What is expected:
If a line below contains the string "unfolded", copy it out.

___ Listed records

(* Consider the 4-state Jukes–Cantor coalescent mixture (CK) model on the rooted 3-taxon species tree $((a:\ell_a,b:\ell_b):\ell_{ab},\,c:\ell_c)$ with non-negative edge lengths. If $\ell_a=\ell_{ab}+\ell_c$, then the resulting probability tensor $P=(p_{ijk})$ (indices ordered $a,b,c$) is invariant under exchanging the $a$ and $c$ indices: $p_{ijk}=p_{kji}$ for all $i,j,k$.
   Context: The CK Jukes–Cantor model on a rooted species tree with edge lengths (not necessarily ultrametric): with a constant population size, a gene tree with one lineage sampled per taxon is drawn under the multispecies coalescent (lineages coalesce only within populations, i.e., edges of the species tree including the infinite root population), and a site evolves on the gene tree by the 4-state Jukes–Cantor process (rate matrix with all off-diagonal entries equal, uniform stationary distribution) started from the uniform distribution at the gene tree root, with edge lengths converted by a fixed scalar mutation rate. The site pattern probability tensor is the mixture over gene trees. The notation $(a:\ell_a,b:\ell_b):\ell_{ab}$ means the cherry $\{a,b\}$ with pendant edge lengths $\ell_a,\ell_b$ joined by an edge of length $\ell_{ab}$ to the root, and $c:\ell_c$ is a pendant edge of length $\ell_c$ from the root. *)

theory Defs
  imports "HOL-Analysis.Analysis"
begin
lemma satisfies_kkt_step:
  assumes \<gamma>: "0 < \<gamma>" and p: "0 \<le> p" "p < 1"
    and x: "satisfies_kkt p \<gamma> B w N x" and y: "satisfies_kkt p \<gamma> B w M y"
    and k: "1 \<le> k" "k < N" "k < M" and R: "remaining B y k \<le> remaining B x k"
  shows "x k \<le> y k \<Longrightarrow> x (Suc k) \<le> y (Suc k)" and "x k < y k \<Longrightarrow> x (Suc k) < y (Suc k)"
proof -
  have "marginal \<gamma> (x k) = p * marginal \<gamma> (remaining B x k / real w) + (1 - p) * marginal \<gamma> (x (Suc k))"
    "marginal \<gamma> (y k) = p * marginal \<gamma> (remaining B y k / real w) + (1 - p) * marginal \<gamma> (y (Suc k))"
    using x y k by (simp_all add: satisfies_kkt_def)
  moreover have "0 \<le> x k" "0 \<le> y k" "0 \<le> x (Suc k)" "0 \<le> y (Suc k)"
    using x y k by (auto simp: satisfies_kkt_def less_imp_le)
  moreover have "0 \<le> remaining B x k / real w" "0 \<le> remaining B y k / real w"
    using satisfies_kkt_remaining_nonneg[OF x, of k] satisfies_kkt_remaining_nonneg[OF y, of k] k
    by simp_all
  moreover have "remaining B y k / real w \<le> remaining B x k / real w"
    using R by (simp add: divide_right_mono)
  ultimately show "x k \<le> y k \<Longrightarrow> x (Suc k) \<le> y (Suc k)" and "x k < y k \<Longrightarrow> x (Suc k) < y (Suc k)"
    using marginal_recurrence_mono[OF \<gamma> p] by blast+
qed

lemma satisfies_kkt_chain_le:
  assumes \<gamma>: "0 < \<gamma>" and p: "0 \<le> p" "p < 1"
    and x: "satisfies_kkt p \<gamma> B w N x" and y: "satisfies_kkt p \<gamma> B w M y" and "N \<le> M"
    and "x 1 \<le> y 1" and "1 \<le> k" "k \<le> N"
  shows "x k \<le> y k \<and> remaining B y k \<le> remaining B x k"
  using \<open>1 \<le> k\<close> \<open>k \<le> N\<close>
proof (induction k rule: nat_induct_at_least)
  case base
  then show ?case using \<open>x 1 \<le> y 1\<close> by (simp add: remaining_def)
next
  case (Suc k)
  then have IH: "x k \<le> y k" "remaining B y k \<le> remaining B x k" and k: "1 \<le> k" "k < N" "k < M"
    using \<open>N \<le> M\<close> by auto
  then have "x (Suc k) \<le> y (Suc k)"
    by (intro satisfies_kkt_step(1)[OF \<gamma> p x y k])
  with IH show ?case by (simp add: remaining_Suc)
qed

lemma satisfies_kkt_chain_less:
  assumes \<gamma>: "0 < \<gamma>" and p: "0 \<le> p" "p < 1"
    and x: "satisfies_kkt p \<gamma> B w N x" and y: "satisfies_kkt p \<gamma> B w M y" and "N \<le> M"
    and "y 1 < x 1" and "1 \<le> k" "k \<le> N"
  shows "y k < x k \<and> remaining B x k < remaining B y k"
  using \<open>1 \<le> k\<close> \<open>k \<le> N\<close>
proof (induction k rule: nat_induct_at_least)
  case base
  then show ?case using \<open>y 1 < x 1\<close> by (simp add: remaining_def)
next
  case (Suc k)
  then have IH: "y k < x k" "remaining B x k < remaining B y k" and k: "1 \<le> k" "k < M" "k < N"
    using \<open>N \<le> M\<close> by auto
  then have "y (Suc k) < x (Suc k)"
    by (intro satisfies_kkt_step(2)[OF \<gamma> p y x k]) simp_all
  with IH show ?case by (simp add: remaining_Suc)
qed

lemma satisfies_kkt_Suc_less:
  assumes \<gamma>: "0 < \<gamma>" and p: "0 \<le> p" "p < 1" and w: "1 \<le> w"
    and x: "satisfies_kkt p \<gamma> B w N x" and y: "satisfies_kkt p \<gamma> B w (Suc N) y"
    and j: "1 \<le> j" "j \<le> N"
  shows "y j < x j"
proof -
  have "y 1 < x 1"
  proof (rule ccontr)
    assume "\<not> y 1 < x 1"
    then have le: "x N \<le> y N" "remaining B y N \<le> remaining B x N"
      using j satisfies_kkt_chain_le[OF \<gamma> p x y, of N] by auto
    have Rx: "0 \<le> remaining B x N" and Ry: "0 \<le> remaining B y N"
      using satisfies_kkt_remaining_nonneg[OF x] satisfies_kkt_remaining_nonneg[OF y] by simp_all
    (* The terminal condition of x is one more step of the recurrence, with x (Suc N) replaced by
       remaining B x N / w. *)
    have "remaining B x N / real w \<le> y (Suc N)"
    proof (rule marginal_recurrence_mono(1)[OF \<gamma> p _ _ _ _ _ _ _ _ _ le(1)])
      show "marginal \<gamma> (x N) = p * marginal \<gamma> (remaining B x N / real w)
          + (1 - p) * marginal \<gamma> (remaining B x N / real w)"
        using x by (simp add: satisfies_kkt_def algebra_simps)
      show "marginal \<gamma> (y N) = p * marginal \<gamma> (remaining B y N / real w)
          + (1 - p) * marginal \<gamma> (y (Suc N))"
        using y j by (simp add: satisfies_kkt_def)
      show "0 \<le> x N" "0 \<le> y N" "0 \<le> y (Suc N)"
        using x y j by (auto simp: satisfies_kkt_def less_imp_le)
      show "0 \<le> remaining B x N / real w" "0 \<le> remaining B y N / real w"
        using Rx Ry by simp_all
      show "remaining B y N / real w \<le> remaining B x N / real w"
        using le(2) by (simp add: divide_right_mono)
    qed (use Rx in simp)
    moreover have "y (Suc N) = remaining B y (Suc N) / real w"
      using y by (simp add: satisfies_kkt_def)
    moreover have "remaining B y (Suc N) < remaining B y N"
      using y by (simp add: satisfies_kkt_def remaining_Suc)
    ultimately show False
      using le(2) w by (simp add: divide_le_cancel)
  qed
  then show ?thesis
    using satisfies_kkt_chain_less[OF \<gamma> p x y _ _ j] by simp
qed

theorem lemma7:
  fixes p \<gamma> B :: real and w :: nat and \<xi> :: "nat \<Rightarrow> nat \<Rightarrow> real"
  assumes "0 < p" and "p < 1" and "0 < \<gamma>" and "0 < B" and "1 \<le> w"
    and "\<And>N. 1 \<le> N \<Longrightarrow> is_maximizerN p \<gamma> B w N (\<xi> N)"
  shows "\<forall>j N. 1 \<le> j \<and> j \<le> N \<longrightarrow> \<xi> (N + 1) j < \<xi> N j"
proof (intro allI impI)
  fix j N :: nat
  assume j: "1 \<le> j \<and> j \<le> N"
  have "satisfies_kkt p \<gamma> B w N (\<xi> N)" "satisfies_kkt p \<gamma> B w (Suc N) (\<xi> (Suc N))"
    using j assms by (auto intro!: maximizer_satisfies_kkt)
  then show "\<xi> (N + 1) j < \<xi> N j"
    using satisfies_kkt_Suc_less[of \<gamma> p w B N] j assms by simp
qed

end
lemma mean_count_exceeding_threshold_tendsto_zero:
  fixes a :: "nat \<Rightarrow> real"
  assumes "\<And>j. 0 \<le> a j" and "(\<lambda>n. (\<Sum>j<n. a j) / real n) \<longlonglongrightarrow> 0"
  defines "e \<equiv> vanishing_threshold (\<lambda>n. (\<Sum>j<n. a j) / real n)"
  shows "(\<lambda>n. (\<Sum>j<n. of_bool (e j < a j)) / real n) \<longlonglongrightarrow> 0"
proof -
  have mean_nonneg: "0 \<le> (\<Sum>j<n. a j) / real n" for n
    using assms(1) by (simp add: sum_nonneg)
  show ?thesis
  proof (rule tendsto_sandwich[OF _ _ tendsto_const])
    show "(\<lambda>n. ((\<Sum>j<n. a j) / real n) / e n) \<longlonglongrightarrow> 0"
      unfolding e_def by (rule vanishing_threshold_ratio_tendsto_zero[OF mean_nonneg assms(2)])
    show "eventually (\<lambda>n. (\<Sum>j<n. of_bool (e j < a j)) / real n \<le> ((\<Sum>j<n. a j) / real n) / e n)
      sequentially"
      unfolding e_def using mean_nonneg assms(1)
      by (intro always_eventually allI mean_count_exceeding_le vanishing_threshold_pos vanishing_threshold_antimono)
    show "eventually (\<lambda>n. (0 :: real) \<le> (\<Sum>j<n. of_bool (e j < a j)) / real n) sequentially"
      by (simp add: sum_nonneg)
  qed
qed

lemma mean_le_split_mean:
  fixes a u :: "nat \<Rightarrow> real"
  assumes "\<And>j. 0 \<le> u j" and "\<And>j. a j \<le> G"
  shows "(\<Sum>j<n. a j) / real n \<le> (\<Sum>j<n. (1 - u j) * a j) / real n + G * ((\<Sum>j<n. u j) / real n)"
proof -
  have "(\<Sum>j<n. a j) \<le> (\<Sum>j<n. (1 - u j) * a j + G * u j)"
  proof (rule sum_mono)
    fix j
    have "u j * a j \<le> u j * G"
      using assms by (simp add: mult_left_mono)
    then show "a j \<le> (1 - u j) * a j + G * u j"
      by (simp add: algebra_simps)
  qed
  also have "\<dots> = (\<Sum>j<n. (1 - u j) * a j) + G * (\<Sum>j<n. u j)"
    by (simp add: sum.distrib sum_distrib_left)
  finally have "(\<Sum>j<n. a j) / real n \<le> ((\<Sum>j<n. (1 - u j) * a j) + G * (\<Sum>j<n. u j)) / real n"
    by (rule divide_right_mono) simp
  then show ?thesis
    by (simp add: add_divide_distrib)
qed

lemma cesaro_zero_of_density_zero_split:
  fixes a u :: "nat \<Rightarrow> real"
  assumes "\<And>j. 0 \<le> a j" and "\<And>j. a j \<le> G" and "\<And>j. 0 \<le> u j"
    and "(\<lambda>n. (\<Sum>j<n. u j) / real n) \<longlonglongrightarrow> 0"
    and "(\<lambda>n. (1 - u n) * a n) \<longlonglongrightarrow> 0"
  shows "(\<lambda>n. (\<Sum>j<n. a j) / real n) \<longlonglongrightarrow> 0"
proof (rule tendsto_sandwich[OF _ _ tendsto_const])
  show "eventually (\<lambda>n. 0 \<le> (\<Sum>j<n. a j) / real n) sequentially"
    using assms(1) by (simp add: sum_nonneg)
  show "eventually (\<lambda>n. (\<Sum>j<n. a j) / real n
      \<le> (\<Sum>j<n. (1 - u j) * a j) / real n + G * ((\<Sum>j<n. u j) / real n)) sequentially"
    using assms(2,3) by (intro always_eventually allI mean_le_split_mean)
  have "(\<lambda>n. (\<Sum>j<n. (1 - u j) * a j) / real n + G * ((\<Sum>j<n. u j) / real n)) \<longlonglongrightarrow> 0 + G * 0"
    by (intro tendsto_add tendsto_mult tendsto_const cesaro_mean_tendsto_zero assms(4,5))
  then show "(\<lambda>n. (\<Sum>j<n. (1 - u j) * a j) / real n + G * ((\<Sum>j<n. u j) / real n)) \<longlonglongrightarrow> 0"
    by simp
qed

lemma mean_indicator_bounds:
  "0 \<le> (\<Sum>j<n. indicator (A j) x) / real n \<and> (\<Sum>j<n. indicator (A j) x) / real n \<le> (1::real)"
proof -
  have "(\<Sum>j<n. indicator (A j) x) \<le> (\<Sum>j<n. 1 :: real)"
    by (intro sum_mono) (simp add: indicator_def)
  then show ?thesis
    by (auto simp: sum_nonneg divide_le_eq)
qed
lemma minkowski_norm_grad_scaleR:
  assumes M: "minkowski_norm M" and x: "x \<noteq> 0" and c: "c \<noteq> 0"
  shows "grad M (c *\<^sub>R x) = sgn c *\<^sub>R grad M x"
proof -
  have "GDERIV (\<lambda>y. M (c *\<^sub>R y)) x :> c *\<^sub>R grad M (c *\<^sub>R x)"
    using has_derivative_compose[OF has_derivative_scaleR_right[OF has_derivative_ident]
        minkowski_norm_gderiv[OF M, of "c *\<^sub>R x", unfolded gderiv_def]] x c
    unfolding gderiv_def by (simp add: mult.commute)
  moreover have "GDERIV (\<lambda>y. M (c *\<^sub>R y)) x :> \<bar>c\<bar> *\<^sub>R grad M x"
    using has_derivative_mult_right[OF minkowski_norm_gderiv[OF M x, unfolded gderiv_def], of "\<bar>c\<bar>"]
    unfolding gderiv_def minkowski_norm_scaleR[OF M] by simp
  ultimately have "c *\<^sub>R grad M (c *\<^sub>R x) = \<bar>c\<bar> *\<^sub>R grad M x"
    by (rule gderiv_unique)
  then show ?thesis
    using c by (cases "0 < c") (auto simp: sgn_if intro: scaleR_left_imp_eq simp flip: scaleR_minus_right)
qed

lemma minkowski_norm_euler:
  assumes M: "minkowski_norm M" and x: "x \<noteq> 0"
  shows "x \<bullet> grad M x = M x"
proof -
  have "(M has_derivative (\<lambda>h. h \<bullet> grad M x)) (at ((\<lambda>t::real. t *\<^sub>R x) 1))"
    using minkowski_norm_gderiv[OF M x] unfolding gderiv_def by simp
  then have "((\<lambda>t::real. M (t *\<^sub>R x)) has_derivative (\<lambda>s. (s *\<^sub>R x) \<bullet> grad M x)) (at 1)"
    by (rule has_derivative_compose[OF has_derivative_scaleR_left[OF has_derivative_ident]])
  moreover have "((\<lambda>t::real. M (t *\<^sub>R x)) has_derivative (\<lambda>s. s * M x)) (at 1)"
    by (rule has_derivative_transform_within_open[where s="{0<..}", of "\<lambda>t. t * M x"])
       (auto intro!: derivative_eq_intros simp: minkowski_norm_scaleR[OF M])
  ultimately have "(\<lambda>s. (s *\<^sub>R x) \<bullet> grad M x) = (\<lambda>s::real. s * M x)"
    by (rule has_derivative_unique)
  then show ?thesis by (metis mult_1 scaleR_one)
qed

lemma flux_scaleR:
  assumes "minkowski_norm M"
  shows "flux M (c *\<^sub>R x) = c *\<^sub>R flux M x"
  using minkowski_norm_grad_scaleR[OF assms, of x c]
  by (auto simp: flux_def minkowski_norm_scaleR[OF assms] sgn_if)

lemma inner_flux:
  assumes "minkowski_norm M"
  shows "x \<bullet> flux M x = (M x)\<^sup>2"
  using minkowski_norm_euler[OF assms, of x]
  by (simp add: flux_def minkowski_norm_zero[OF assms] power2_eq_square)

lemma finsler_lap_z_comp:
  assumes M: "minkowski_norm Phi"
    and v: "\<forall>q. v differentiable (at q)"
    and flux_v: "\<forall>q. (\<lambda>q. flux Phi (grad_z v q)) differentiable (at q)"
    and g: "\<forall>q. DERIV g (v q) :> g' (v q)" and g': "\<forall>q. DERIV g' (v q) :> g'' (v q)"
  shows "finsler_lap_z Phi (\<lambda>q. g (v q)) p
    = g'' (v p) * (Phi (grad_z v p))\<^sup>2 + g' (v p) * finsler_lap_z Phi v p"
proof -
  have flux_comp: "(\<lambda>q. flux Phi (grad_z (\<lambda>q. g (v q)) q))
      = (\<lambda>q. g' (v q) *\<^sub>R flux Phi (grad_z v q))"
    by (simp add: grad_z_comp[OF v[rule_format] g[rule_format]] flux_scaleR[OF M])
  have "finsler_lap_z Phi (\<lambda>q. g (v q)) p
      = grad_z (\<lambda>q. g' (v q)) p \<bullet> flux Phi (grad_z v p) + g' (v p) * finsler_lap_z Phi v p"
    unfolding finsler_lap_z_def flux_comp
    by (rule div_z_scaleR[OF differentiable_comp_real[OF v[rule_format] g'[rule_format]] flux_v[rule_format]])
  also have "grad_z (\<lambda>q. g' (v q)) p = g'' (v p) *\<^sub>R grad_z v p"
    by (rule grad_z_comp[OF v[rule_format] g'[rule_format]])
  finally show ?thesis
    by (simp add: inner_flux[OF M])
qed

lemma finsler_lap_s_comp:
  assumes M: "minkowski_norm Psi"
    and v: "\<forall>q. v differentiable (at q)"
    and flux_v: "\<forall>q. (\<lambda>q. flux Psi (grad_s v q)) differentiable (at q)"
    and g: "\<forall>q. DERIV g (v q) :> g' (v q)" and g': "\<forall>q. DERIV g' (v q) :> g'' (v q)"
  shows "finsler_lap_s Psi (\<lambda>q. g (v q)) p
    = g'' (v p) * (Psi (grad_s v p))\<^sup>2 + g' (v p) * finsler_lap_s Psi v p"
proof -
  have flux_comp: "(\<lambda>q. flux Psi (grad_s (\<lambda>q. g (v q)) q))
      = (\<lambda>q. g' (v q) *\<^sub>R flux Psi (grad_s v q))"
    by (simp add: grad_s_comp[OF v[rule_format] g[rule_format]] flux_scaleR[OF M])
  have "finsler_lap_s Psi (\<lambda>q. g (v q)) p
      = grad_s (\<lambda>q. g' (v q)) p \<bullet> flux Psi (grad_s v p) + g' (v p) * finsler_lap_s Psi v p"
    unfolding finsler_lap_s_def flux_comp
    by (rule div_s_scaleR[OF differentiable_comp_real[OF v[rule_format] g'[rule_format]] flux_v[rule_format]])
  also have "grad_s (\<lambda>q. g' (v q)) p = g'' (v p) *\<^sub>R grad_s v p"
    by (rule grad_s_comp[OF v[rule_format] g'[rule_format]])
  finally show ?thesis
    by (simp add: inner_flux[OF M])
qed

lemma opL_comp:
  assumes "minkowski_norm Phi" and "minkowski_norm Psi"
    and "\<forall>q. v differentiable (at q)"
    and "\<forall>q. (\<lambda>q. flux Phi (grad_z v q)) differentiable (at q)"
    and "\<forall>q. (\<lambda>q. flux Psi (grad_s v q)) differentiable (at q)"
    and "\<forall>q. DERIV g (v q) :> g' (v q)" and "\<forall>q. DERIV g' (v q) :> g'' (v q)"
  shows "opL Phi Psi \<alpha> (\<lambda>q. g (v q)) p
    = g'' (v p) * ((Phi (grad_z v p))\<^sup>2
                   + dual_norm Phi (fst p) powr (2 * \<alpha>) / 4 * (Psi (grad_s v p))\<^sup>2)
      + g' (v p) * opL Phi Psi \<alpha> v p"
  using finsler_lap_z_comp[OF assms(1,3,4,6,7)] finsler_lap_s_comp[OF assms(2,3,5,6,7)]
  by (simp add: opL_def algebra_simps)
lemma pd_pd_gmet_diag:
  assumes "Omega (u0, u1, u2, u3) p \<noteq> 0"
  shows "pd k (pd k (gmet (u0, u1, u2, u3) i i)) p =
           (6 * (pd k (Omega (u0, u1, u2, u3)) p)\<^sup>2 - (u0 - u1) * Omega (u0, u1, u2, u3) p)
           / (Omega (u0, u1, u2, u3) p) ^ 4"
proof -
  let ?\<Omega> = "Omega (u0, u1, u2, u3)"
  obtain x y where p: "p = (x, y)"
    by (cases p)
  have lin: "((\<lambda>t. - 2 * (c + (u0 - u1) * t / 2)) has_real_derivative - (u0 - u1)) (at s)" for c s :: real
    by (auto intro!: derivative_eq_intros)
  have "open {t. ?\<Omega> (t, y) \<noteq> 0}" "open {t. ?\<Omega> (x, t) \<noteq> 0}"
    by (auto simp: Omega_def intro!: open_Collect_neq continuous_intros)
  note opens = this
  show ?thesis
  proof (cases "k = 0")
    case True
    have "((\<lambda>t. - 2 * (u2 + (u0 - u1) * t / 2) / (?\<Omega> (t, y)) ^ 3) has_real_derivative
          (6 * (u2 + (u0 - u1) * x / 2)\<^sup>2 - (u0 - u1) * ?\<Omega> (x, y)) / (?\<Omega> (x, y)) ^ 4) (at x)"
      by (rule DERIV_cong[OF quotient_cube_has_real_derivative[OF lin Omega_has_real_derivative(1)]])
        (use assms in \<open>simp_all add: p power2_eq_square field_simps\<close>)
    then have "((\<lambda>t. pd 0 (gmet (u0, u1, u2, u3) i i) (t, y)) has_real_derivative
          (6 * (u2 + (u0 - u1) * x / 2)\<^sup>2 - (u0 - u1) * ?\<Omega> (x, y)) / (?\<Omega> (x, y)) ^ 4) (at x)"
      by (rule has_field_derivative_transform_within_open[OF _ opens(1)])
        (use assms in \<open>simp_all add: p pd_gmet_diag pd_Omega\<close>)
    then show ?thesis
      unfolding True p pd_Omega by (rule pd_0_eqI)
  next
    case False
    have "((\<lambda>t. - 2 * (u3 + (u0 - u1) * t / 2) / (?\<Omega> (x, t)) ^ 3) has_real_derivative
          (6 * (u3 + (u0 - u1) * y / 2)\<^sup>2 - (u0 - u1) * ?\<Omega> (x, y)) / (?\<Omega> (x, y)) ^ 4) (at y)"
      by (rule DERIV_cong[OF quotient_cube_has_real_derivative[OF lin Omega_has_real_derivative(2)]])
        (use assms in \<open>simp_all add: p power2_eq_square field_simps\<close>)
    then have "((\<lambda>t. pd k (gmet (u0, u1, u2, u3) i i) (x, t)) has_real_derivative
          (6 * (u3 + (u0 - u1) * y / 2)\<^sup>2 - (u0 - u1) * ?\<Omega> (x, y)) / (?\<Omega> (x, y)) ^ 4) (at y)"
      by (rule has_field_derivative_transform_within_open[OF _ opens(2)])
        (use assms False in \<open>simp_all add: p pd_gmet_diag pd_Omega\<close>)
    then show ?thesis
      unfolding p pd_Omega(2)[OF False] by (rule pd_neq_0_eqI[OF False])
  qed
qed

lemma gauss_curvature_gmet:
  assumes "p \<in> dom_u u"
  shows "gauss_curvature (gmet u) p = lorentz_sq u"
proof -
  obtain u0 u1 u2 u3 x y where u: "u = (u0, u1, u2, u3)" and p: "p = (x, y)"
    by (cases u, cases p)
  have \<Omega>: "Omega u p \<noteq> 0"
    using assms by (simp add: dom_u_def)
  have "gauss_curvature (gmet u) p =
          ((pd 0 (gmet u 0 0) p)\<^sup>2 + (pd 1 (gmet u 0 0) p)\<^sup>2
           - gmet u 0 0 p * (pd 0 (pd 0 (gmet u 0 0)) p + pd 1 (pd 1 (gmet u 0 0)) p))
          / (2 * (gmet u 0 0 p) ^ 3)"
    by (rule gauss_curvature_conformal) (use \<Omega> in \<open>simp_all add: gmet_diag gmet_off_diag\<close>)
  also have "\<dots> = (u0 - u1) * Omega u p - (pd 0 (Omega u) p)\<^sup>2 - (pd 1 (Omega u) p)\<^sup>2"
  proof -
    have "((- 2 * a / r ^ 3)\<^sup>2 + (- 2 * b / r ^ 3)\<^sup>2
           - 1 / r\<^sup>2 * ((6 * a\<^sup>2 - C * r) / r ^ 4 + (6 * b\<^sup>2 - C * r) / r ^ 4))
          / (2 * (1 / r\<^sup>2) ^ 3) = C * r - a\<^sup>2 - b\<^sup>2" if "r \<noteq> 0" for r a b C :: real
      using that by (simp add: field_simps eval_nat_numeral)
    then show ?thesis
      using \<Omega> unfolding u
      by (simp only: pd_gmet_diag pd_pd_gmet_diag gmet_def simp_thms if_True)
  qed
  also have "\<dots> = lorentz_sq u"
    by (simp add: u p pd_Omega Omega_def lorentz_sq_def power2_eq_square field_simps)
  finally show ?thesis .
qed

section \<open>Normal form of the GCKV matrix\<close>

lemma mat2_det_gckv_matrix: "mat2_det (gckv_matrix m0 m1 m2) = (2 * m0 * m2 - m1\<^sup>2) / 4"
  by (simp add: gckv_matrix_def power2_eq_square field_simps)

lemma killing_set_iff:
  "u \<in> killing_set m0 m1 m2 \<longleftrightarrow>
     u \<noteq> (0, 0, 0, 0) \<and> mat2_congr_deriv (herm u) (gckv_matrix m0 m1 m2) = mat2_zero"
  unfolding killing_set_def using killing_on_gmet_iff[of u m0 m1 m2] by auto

______

Completed exercise:
        minkowski_norm_gderiv[OF M, of "c *\<^sub>R x", unfolded gderiv_def]] x c
    using has_derivative_mult_right[OF minkowski_norm_gderiv[OF M x, unfolded gderiv_def], of "\<bar>c\<bar>"]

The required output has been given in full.